I remember somebody mentioned that this was okay ... and even better, because I think there's a lot more headroom this way instead of 0db (which makes sense to me, comparing the 0db and -5db as reference, AVR will play louder when is at the maximum +15db; just one time I passed 0db and I couldn't stand the sound :raped: )

With the levels I'm ussing ... I can even set the reference to -10db ... but -5db is fine.


----------



## Jerm357 (May 23, 2006)

salvasol said:


> No ... my RXV 2700 goes from -80db to +15db :yes:
> 
> I remember somebody mentioned that this was okay ... and even better, because I think there's a lot more headroom this way instead of 0db (which makes sense to me, comparing the 0db and -5db as reference, AVR will play louder when is at the maximum +15db; just one time I passed 0db and I couldn't stand the sound :raped: )
> 
> With the levels I'm ussing ... I can even set the reference to -10db ... but -5db is fine.


Just because you have a reference level set does not mean thats where you have to listen at. You are not gaining any headroom by using -5 as your reference over 0. It would be exactly the same since your just adding the volume on your channel trims instead your main volume. Your receiver is going to be working just as hard to get 75db at 0 as it would be to get it at -5.
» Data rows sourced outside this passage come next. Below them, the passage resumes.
lemma exp_mult_le_Bernstein:
  fixes t u c :: real
  assumes "0 \<le> t" and "\<bar>u\<bar> \<le> c" and "t * c < 3"
  shows "exp (t * u) \<le> 1 + t * u + t\<^sup>2 / (2 * (1 - t * c / 3)) * u\<^sup>2"
proof -
  have "\<bar>t * u\<bar> \<le> t * c"
    using assms by (simp add: abs_mult mult_left_mono)
  then show ?thesis
    using exp_le_Bernstein[of "t * u" "t * c"] assms(3) by (simp add: power_mult_distrib)
qed

lemma (in prob_space) AE_abs_le_nonneg:
  fixes f :: "'a \<Rightarrow> real"
  assumes "AE x in M. \<bar>f x\<bar> \<le> c"
  shows "0 \<le> c"
proof -
  have "AE x in M. 0 \<le> c"
    using assms by eventually_elim auto
  then show ?thesis by simp
qed

lemma (in prob_space) Bernstein_mgf_le:
  fixes f :: "'a \<Rightarrow> real"
  assumes f_meas: "f \<in> borel_measurable M" and f_bound: "AE x in M. \<bar>f x - \<mu>\<bar> \<le> c"
    and \<mu>: "\<mu> = expectation f" and t: "0 \<le> t" "t * c < 3"
  shows "expectation (\<lambda>x. exp (t * (f x - \<mu>)))
    \<le> 1 + t\<^sup>2 * expectation (\<lambda>x. (f x - \<mu>)\<^sup>2) / (2 * (1 - t * c / 3))"
proof -
  define X where "X x = f x - \<mu>" for x
  have X_meas: "X \<in> borel_measurable M"
    unfolding X_def using f_meas by measurable
  have X_bound: "AE x in M. \<bar>X x\<bar> \<le> c"
    using f_bound by (simp add: X_def)
  define B where "B x = 1 + t * X x + t\<^sup>2 / (2 * (1 - t * c / 3)) * (X x)\<^sup>2" for x
  have exp_le_B: "AE x in M. exp (t * X x) \<le> B x"
    using X_bound unfolding B_def by eventually_elim (rule exp_mult_le_Bernstein[OF t(1) _ t(2)])
  have "AE x in M. -c \<le> X x \<and> X x \<le> c"
    using X_bound by eventually_elim auto
  then have X_int: "integrable M X"
    using X_meas by (rule integrable_real_bounded[rotated])
  then have "integrable M (\<lambda>x. X x + \<mu>)"
    by (intro Bochner_Integration.integrable_add integrable_const)
  then have "integrable M f"
    by (simp add: X_def)
  then have "expectation X = 0"
    unfolding X_def using \<mu> by (simp add: prob_space)
  have "AE x in M. 0 \<le> (X x)\<^sup>2 \<and> (X x)\<^sup>2 \<le> c\<^sup>2"
    using X_bound by eventually_elim (auto simp: abs_le_square_iff[symmetric])
  then have X2_int: "integrable M (\<lambda>x. (X x)\<^sup>2)"
    using X_meas by (intro integrable_real_bounded[where a=0 and b="c\<^sup>2"]) auto
  have "expectation (\<lambda>x. exp (t * X x)) \<le> expectation B"
  proof (rule integral_mono_AE[OF _ _ exp_le_B])
    show "integrable M (\<lambda>x. exp (t * X x))"
      using X_bound X_meas t
      by (intro integrable_real_bounded[where a=0 and b="exp (t * c)"])
         (auto elim!: eventually_mono simp: mult_left_mono)
  qed (use X_int X2_int in \<open>simp add: B_def\<close>)
  also have "expectation B = 1 + t\<^sup>2 * expectation (\<lambda>x. (X x)\<^sup>2) / (2 * (1 - t * c / 3))"
    unfolding B_def using X_int X2_int \<open>expectation X = 0\<close> by (simp add: prob_space)
  finally show ?thesis
    by (simp add: X_def)
qed

lemma (in prob_space) nn_integral_exp_mult_le_powr:
  fixes Y :: "'a \<Rightarrow> real"
  assumes Y_meas: "Y \<in> borel_measurable M" and Y_bound: "AE y in M. \<bar>Y y\<bar> \<le> c"
    and t: "0 \<le> t" and v: "0 \<le> v" "v \<le> 1"
  shows "(\<integral>\<^sup>+y. ennreal (exp (t * v * Y y)) \<partial>M) \<le> ennreal ((\<integral>y. exp (t * Y y) \<partial>M) powr v)"
proof -
  have exp_bound: "AE y in M. exp (- (u * c)) \<le> exp (u * Y y) \<and> exp (u * Y y) \<le> exp (u * c)"
    if "0 \<le> u" for u
    using Y_bound by eventually_elim (rule exp_mult_bounds[OF that])
  have "integrable M (\<lambda>y. exp (t * v * Y y))"
    using exp_bound[of "t * v"] t v Y_meas by (intro integrable_real_bounded) auto
  then have "(\<integral>\<^sup>+y. ennreal (exp (t * v * Y y)) \<partial>M) = ennreal (\<integral>y. exp (t * Y y) powr v \<partial>M)"
    by (subst nn_integral_eq_integral) (auto simp: powr_def mult_ac)
  also have "\<dots> \<le> ennreal ((\<integral>y. exp (t * Y y) \<partial>M) powr v)"
    using exp_bound[of t] t v Y_meas
    by (intro ennreal_leI integral_powr_le_powr_integral[OF prob_space_axioms]) auto
  finally show ?thesis .
qed
lemma nn_cond_exp_X:
  assumes "n < N"
  shows "AE w in M. nn_cond_exp M (F t) (\<lambda>w. ennreal (X (Suc t) w n)) w = ennreal (mu M F X t w n)"
proof -
  interpret S: sigma_finite_subalgebra M "F t" by (rule sigma_finite_subalgebra_F)
  \<comment> \<open>\<open>real_cond_exp\<close> is the difference of the \<open>nn_cond_exp\<close> of the positive and negative parts\<close>
  have "AE w in M. nn_cond_exp M (F t) (\<lambda>w. ennreal (- X (Suc t) w n)) w = nn_cond_exp M (F t) (\<lambda>w. 0) w"
    by (rule S.nn_cond_exp_cong) (use X_nonneg assms in \<open>auto simp: ennreal_neg\<close>)
  moreover have "AE w in M. 0 = nn_cond_exp M (F t) (\<lambda>w. 0) w"
    by (rule S.nn_cond_exp_F_meas) auto
  moreover have "AE w in M. nn_cond_exp M (F t) (\<lambda>w. ennreal (X (Suc t) w n)) w \<le> nn_cond_exp M (F t) (\<lambda>w. 1) w"
    by (rule S.nn_cond_exp_mono) (use X_le_1 assms in auto)
  moreover have "AE w in M. 1 = nn_cond_exp M (F t) (\<lambda>w. 1) w"
    by (rule S.nn_cond_exp_F_meas) auto
  ultimately show ?thesis
  proof eventually_elim
    case (elim w)
    then have "nn_cond_exp M (F t) (\<lambda>w. ennreal (X (Suc t) w n)) w \<le> 1" by simp
    then have "nn_cond_exp M (F t) (\<lambda>w. ennreal (X (Suc t) w n)) w < top"
      using ennreal_one_less_top le_less_trans by blast
    with elim show ?case by (simp add: mu_def real_cond_exp_def)
  qed
qed
lemma sum_bernoulli_weight_card:
  assumes "finite V"
  shows "(\<Sum>A\<in>Pow V. bernoulli_weight V p A * real (card A)) = real (card V) * p"
proof -
  have "(\<Sum>A\<in>Pow V. bernoulli_weight V p A * real (card A))
      = (\<Sum>A\<in>Pow V. \<Sum>j\<in>V. if j \<in> A then bernoulli_weight V p A else 0)"
    using assms by (intro sum.cong) (simp_all add: mult_card_eq_sum_mem)
  also have "\<dots> = (\<Sum>j\<in>V. \<Sum>A\<in>Pow V. if j \<in> A then bernoulli_weight V p A else 0)"
    by (rule sum.swap)
  also have "\<dots> = real (card V) * p"
    using assms by (simp add: sum_bernoulli_weight_mem)
  finally show ?thesis .
qed

lemma sum_bernoulli_weight_mem_card:
  assumes "finite V" "i \<in> V"
  shows "(\<Sum>A\<in>Pow V. (if i \<in> A then bernoulli_weight V p A else 0) * real (card A))
       = p + (real (card V) - 1) * p\<^sup>2"
proof -
  have "(\<Sum>A\<in>Pow V. (if i \<in> A then bernoulli_weight V p A else 0) * real (card A))
      = (\<Sum>A\<in>Pow V. \<Sum>j\<in>V. if i \<in> A \<and> j \<in> A then bernoulli_weight V p A else 0)"
    using assms(1) by (intro sum.cong) (simp_all add: mult_card_eq_sum_mem)
  also have "\<dots> = (\<Sum>j\<in>V. \<Sum>A\<in>Pow V. if i \<in> A \<and> j \<in> A then bernoulli_weight V p A else 0)"
    by (rule sum.swap)
  also have "\<dots> = (\<Sum>j\<in>V. if j = i then p else p\<^sup>2)"
    using assms by (intro sum.cong) (simp_all add: sum_bernoulli_weight_mem2)
  also have "\<dots> = p + real (card (V - {i})) * p\<^sup>2"
    using assms by (simp add: sum.delta_remove)
  also have "card (V - {i}) = card V - 1"
    using assms(2) by (rule card_Diff_singleton)
  also have "real (card V - 1) = real (card V) - 1"
    using assms by (subst of_nat_diff) (auto simp: Suc_le_eq card_gt_0_iff)
  finally show ?thesis .
qed

abbreviation complete_polya_expect ::
  "nat \<Rightarrow> (nat \<Rightarrow> nat) \<Rightarrow> (nat \<Rightarrow> nat) \<Rightarrow> real \<Rightarrow> nat \<Rightarrow> ((nat \<times> nat) set \<Rightarrow> real) \<Rightarrow> real" where
  "complete_polya_expect N R B \<Delta> \<equiv> polya_expect N (\<lambda>_. {1..N}) R B (\<lambda>_ _. \<Delta>) (\<lambda>_ _. \<Delta>)"

definition red_draws :: "nat \<Rightarrow> (nat \<times> nat) set \<Rightarrow> nat \<Rightarrow> nat" where
  "red_draws N S t = card (S \<inter> {1..N} \<times> {1..<t})"

text \<open>The red fraction of the whole network before time \<open>t\<close>; the factor \<open>t - 1\<close> is
  truncated, so only \<open>t \<ge> 1\<close> is meaningful.\<close>
definition network_red_frac ::
  "nat \<Rightarrow> (nat \<Rightarrow> nat) \<Rightarrow> (nat \<Rightarrow> nat) \<Rightarrow> real \<Rightarrow> (nat \<times> nat) set \<Rightarrow> nat \<Rightarrow> real" where
  "network_red_frac N R B \<Delta> S t =
     ((\<Sum>j\<in>{1..N}. real (R j)) + \<Delta> * real (red_draws N S t)) /
     ((\<Sum>j\<in>{1..N}. real (R j + B j)) + real N * \<Delta> * real (t - 1))"

lemma polya_red_prob_complete:
  "polya_red_prob (\<lambda>_. {1..N}) R B (\<lambda>_ _. \<Delta>) (\<lambda>_ _. \<Delta>) S i t = network_red_frac N R B \<Delta> S t"
proof -
  have "(\<Sum>j\<in>{1..N}. \<Sum>t'\<in>{1..<t}. if (j, t') \<in> S then \<Delta> else 0) = \<Delta> * real (red_draws N S t)"
    unfolding red_draws_def sum.cartesian_product
    by (simp add: case_prod_unfold sum.If_cases Int_commute)
  then show ?thesis
    unfolding polya_red_prob_def network_red_frac_def by (simp add: sum.distrib)
qed

lemma polya_step_prob_complete:
  "polya_step_prob N (\<lambda>_. {1..N}) R B (\<lambda>_ _. \<Delta>) (\<lambda>_ _. \<Delta>) S t A
     = bernoulli_weight {1..N} (network_red_frac N R B \<Delta> S t) A"
  unfolding polya_step_prob_def bernoulli_weight_def polya_red_prob_complete ..

lemma red_draws_Suc:
  assumes "S \<subseteq> {1..N} \<times> {1..<t}" "A \<subseteq> {1..N}" "t \<ge> 1"
  shows "red_draws N (S \<union> A \<times> {t}) (Suc t) = red_draws N S t + card A"
proof -
  have "(S \<union> A \<times> {t}) \<inter> {1..N} \<times> {1..<Suc t} = (S \<inter> {1..N} \<times> {1..<t}) \<union> A \<times> {t}"
    using assms by auto
  moreover have "finite (A \<times> {t})" "(S \<inter> {1..N} \<times> {1..<t}) \<inter> A \<times> {t} = {}"
    using assms(2) finite_subset by auto
  ultimately show ?thesis
    unfolding red_draws_def by (simp add: card_Un_disjoint card_cartesian_product)
qed

lemma network_red_frac_Suc:
  assumes "S \<subseteq> {1..N} \<times> {1..<t}" "A \<subseteq> {1..N}" "t \<ge> 1"
  shows "network_red_frac N R B \<Delta> (S \<union> A \<times> {t}) (Suc t)
       = ((\<Sum>j\<in>{1..N}. real (R j)) + \<Delta> * (real (red_draws N S t) + real (card A))) /
         ((\<Sum>j\<in>{1..N}. real (R j + B j)) + real N * \<Delta> * real t)"
  unfolding network_red_frac_def red_draws_Suc[OF assms] by simp

text \<open>Given the history, the number of red draws at time \<open>t\<close> has mean \<open>N q\<^sub>t\<close>, and
  \<open>N \<Delta>\<close> balls are added in total, which keeps the red fraction unchanged on average.\<close>
lemma network_red_frac_martingale:
  assumes S: "S \<subseteq> {1..N} \<times> {1..<t}" and t: "t \<ge> 1"
    and T: "(\<Sum>j\<in>{1..N}. real (R j + B j)) > 0" and \<Delta>: "\<Delta> \<ge> 0"
  shows "(\<Sum>A\<in>Pow {1..N}. network_red_frac N R B \<Delta> (S \<union> A \<times> {t}) (Suc t)
            * bernoulli_weight {1..N} (network_red_frac N R B \<Delta> S t) A)
       = network_red_frac N R B \<Delta> S t"
proof -
  define a where "a = (\<Sum>j\<in>{1..N}. real (R j)) + \<Delta> * real (red_draws N S t)"
  define D0 where "D0 = (\<Sum>j\<in>{1..N}. real (R j + B j)) + real N * \<Delta> * real (t - 1)"
  define D1 where "D1 = D0 + real N * \<Delta>"
  define p where "p = network_red_frac N R B \<Delta> S t"
  have D0: "D0 > 0" and D1: "D1 > 0"
    using T \<Delta> unfolding D0_def D1_def by (simp_all add: add_pos_nonneg)
  have p: "p = a / D0"
    unfolding p_def a_def D0_def network_red_frac_def ..
  have "network_red_frac N R B \<Delta> (S \<union> A \<times> {t}) (Suc t) = a / D1 + \<Delta> / D1 * real (card A)"
    if "A \<in> Pow {1..N}" for A
    using network_red_frac_Suc[OF S _ t] that t
    unfolding a_def D1_def D0_def by (simp add: of_nat_diff add_divide_distrib algebra_simps)
  then have "(\<Sum>A\<in>Pow {1..N}. network_red_frac N R B \<Delta> (S \<union> A \<times> {t}) (Suc t)
               * bernoulli_weight {1..N} p A)
      = a / D1 * (\<Sum>A\<in>Pow {1..N}. bernoulli_weight {1..N} p A)
        + \<Delta> / D1 * (\<Sum>A\<in>Pow {1..N}. bernoulli_weight {1..N} p A * real (card A))"
    by (simp add: sum_distrib_left sum.distrib algebra_simps)
  also have "\<dots> = a / D1 + \<Delta> / D1 * (real N * p)"
    by (simp add: sum_bernoulli_weight sum_bernoulli_weight_card)
  also have "\<dots> = a * (D0 + real N * \<Delta>) / (D1 * D0)"
    using D0 D1 unfolding p by (simp add: field_simps)
  also have "\<dots> = p"
    using D1 unfolding p D1_def[symmetric] by simp
  finally show ?thesis unfolding p_def .
qed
The whole reason why receivers use negative numbers are to tell you how far you are from studio reference level. They are ment for the built in test tones to play at 75db with the main volume at 0db. Thats just the way they were designed. 

Make it easier for yourself and just use 0 as your reference. That way when your receiver says -15db (where I usually listen at) it means what it says, that you are indeed listening at 15db under reference.


----------